Items from a data source
....

lemma continuous_on_DeltaQ: "continuous_on (digit_space m) (DeltaQ w)"
  unfolding continuous_on_def
proof
  fix a
  assume a: "a \<in> digit_space m"
  show "(DeltaQ w \<longlongrightarrow> DeltaQ w a) (at a within digit_space m)"
    unfolding tendsto_at_iff_sequentially comp_def
  proof (intro allI impI)
    fix u :: "nat \<Rightarrow> nat \<Rightarrow> nat"
    assume u: "\<forall>i. u i \<in> digit_space m - {a}" and lim: "u \<longlonglongrightarrow> a"
    show "(\<lambda>k. DeltaQ w (u k)) \<longlonglongrightarrow> DeltaQ w a"
    proof (rule DeltaQ_tendsto)
      show "valid_digits m (u k)" for k
        using u by (simp add: digit_space_valid_digits)
      show "valid_digits m a"
        using a by (rule digit_space_valid_digits)
      fix n
      have "(\<lambda>k. u k n) \<longlonglongrightarrow> a n"
        by (rule continuous_on_tendsto_compose[OF continuous_on_product_coordinates lim]) auto
      then have "eventually (\<lambda>k. u k n \<in> {a n}) sequentially"
        by (rule topological_tendstoD) (auto intro: open_discrete)
      then show "eventually (\<lambda>k. u k n = a n) sequentially"
        by simp
    qed
  qed
qed
(* Let $\beta\in[0,\infty)$ and $R\subseteq\Lambda$. Then $$\ker(\mathcal L^{(\beta)}_R)=\{S(\omega)\;:\;S\in\mathcal S_e,\ \omega\in\Omega,\ e\in R\}'=\{Q_R(\omega)\;:\;Q_R\in\mathcal B(\mathcal H_R),\ \omega\in\Omega\}'.$$
   Context: $\Lambda$ is a finite set of edges (of the $N\times N$ torus), each edge $e$ carrying a finite-dimensional Hilbert space $\mathcal H_e=\ell^2(G)$ for a finite Abelian group $G$; $\mathcal H_V=\bigotimes_{e\in V}\mathcal H_e$ and $\mathcal B(\mathcal H_V)$ is identified with $\mathcal B(\mathcal H_V)\otimes1_{\Lambda\setminus V}$. $H_\Lambda$ is the (self-adjoint) quantum double Hamiltonian on $\mathcal H_\Lambda$, $P_\lambda$ its spectral projections, $\Omega$ the set of differences $\lambda-\lambda'$ of its eigenvalues, and for $Q\in\mathcal B(\mathcal H_\Lambda)$, $Q(\omega)=\sum_{\lambda-\lambda'=\omega}P_\lambda QP_{\lambda'}$. For each edge $e$, $\mathcal S_e=\{S_{e,i}:i\in I\}\subset\mathcal B(\mathcal H_e)$ is a finite set closed under adjoints with commutant $\mathbb C1$ in $\mathcal B(\mathcal H_e)$. Rates $h^{(\beta)}_{e,i}(\omega)>0$ satisfy $h^{(\beta)}_{e,i}(-\omega)=h^{(\beta)}_{e,i}(\omega)e^{-\beta\omega}$. $\mathcal L^{(\beta)}_R=\sum_{e\in R}\mathcal D_e$ with $\mathcal D_e(O)=\sum_{i,\omega}h^{(\beta)}_{e,i}(\omega)\big(S_{e,i}(\omega)^\dagger OS_{e,i}(\omega)-\tfrac12\{S_{e,i}(\omega)^\dagger S_{e,i}(\omega),O\}\big)$. The prime denotes the commutant in $\mathcal B(\mathcal H_\Lambda)$. *)

theory Defs
  imports Complex_Main
begin

text \<open>Edges of the N x N torus: (i,j,True) is the horizontal edge from vertex (i,j)
 to ((i+1) mod N, j); (i,j,False) is the vertical edge from (i,j) to (i,(j+1) mod N).
 The Hilbert space H_V = tensor over e in V of l^2(G) is l^2 of the set of
 configurations conf V (functions edges -> G vanishing off V); operators on it are
 complex matrices indexed by configurations, vanishing outside conf V x conf V.\<close>

type_synonym edge = "nat \<times> nat \<times> bool"
type_synonym 'g op = "(edge \<Rightarrow> 'g) \<Rightarrow> (edge \<Rightarrow> 'g) \<Rightarrow> complex"

definition conf :: "edge set \<Rightarrow> (edge \<Rightarrow> 'g::zero) set" where
  "conf V = {\<sigma>. \<forall>e. e \<notin> V \<longrightarrow> \<sigma> e = 0}"

definition ops :: "edge set \<Rightarrow> ('g::zero) op set" where
  "ops V = {A. \<forall>x y. (x \<notin> conf V \<or> y \<notin> conf V) \<longrightarrow> A x y = 0}"

definition opmul :: "edge set \<Rightarrow> ('g::zero) op \<Rightarrow> 'g op \<Rightarrow> 'g op" where
  "opmul V A B = (\<lambda>x y. \<Sum>z\<in>conf V. A x z * B z y)"
text \<open>Pairing with the sign pattern w of the result and recentring w at the midpoint of
  its range (allowed since u sums to 0) bounds the l1-norm of u A by half the
  oscillation of w, which is at most the distance of two rows of A.\<close>

lemma l1_norm_zero_sum_mult_le:
  fixes u :: "'a \<Rightarrow> real"
  assumes fin: "finite I" and ne: "I \<noteq> {}" and u0: "(\<Sum>b\<in>I. u b) = 0"
  shows "(\<Sum>j\<in>I. \<bar>\<Sum>b\<in>I. u b * A b j\<bar>) \<le> dobrushin I A / 2 * (\<Sum>b\<in>I. \<bar>u b\<bar>)"
proof -
  define v where "v j = (\<Sum>b\<in>I. u b * A b j)" for j
  define w where "w b = (\<Sum>j\<in>I. sgn (v j) * A b j)" for b
  define m0 where "m0 = (Max (w ` I) + Min (w ` I)) / 2"
  have osc: "w b1 - w b2 \<le> dobrushin I A" if "b1 \<in> I" "b2 \<in> I" for b1 b2
  proof -
    have "w b1 - w b2 = (\<Sum>j\<in>I. sgn (v j) * (A b1 j - A b2 j))"
      unfolding w_def by (simp add: sum_subtractf algebra_simps)
    also have "\<dots> \<le> (\<Sum>j\<in>I. \<bar>A b1 j - A b2 j\<bar>)"
      by (intro sum_mono) (auto simp: sgn_real_def)
    finally show ?thesis using row_dist_le_dobrushin[OF fin that, of A] by linarith
  qed
  have "\<bar>w b - m0\<bar> \<le> dobrushin I A / 2" if "b \<in> I" for b
  proof -
    obtain b1 b2 where "b1 \<in> I" "Max (w ` I) = w b1" "b2 \<in> I" "Min (w ` I) = w b2"
      using Max_in[of "w ` I"] Min_in[of "w ` I"] fin ne by fastforce
    moreover have "w b \<le> Max (w ` I)" "Min (w ` I) \<le> w b" using fin that by auto
    ultimately show ?thesis using osc[of b1 b2] unfolding m0_def by (auto simp: abs_le_iff field_simps)
  qed
  then have term_le: "u b * (w b - m0) \<le> \<bar>u b\<bar> * (dobrushin I A / 2)" if "b \<in> I" for b
    using that abs_ge_self[of "u b * (w b - m0)"] mult_left_mono[of _ _ "\<bar>u b\<bar>"]
    by (fastforce simp: abs_mult)
  have "(\<Sum>j\<in>I. \<bar>v j\<bar>) = (\<Sum>j\<in>I. \<Sum>b\<in>I. u b * (sgn (v j) * A b j))"
    unfolding v_def by (intro sum.cong) (auto simp: abs_sgn sum_distrib_left sum_distrib_right ac_simps)
  also have "\<dots> = (\<Sum>b\<in>I. u b * w b)"
    unfolding w_def sum_distrib_left by (rule sum.swap)
  also have "\<dots> = (\<Sum>b\<in>I. u b * (w b - m0))"
    using u0 by (simp add: algebra_simps sum_subtractf flip: sum_distrib_left)
  also have "\<dots> \<le> (\<Sum>b\<in>I. \<bar>u b\<bar> * (dobrushin I A / 2))"
    by (intro sum_mono term_le)
  also have "\<dots> = dobrushin I A / 2 * (\<Sum>b\<in>I. \<bar>u b\<bar>)"
    by (simp add: sum_distrib_left mult.commute)
  finally show ?thesis unfolding v_def .
qed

....

Using the records above, restate word for word the lines from the one with "A b j\<bar>)" through the one with "(\<Sum>b\<in>I. u b * (w", both included.

EXPECTED ANSWER >>
  shows "(\<Sum>j\<in>I. \<bar>\<Sum>b\<in>I. u b * A b j\<bar>) \<le> dobrushin I A / 2 * (\<Sum>b\<in>I. \<bar>u b\<bar>)"
proof -
  define v where "v j = (\<Sum>b\<in>I. u b * A b j)" for j
  define w where "w b = (\<Sum>j\<in>I. sgn (v j) * A b j)" for b
  define m0 where "m0 = (Max (w ` I) + Min (w ` I)) / 2"
  have osc: "w b1 - w b2 \<le> dobrushin I A" if "b1 \<in> I" "b2 \<in> I" for b1 b2
  proof -
    have "w b1 - w b2 = (\<Sum>j\<in>I. sgn (v j) * (A b1 j - A b2 j))"
      unfolding w_def by (simp add: sum_subtractf algebra_simps)
    also have "\<dots> \<le> (\<Sum>j\<in>I. \<bar>A b1 j - A b2 j\<bar>)"
      by (intro sum_mono) (auto simp: sgn_real_def)
    finally show ?thesis using row_dist_le_dobrushin[OF fin that, of A] by linarith
  qed
  have "\<bar>w b - m0\<bar> \<le> dobrushin I A / 2" if "b \<in> I" for b
  proof -
    obtain b1 b2 where "b1 \<in> I" "Max (w ` I) = w b1" "b2 \<in> I" "Min (w ` I) = w b2"
      using Max_in[of "w ` I"] Min_in[of "w ` I"] fin ne by fastforce
    moreover have "w b \<le> Max (w ` I)" "Min (w ` I) \<le> w b" using fin that by auto
    ultimately show ?thesis using osc[of b1 b2] unfolding m0_def by (auto simp: abs_le_iff field_simps)
  qed
  then have term_le: "u b * (w b - m0) \<le> \<bar>u b\<bar> * (dobrushin I A / 2)" if "b \<in> I" for b
    using that abs_ge_self[of "u b * (w b - m0)"] mult_left_mono[of _ _ "\<bar>u b\<bar>"]
    by (fastforce simp: abs_mult)
  have "(\<Sum>j\<in>I. \<bar>v j\<bar>) = (\<Sum>j\<in>I. \<Sum>b\<in>I. u b * (sgn (v j) * A b j))"
    unfolding v_def by (intro sum.cong) (auto simp: abs_sgn sum_distrib_left sum_distrib_right ac_simps)
  also have "\<dots> = (\<Sum>b\<in>I. u b * w b)"
    unfolding w_def sum_distrib_left by (rule sum.swap)
  also have "\<dots> = (\<Sum>b\<in>I. u b * (w b - m0))"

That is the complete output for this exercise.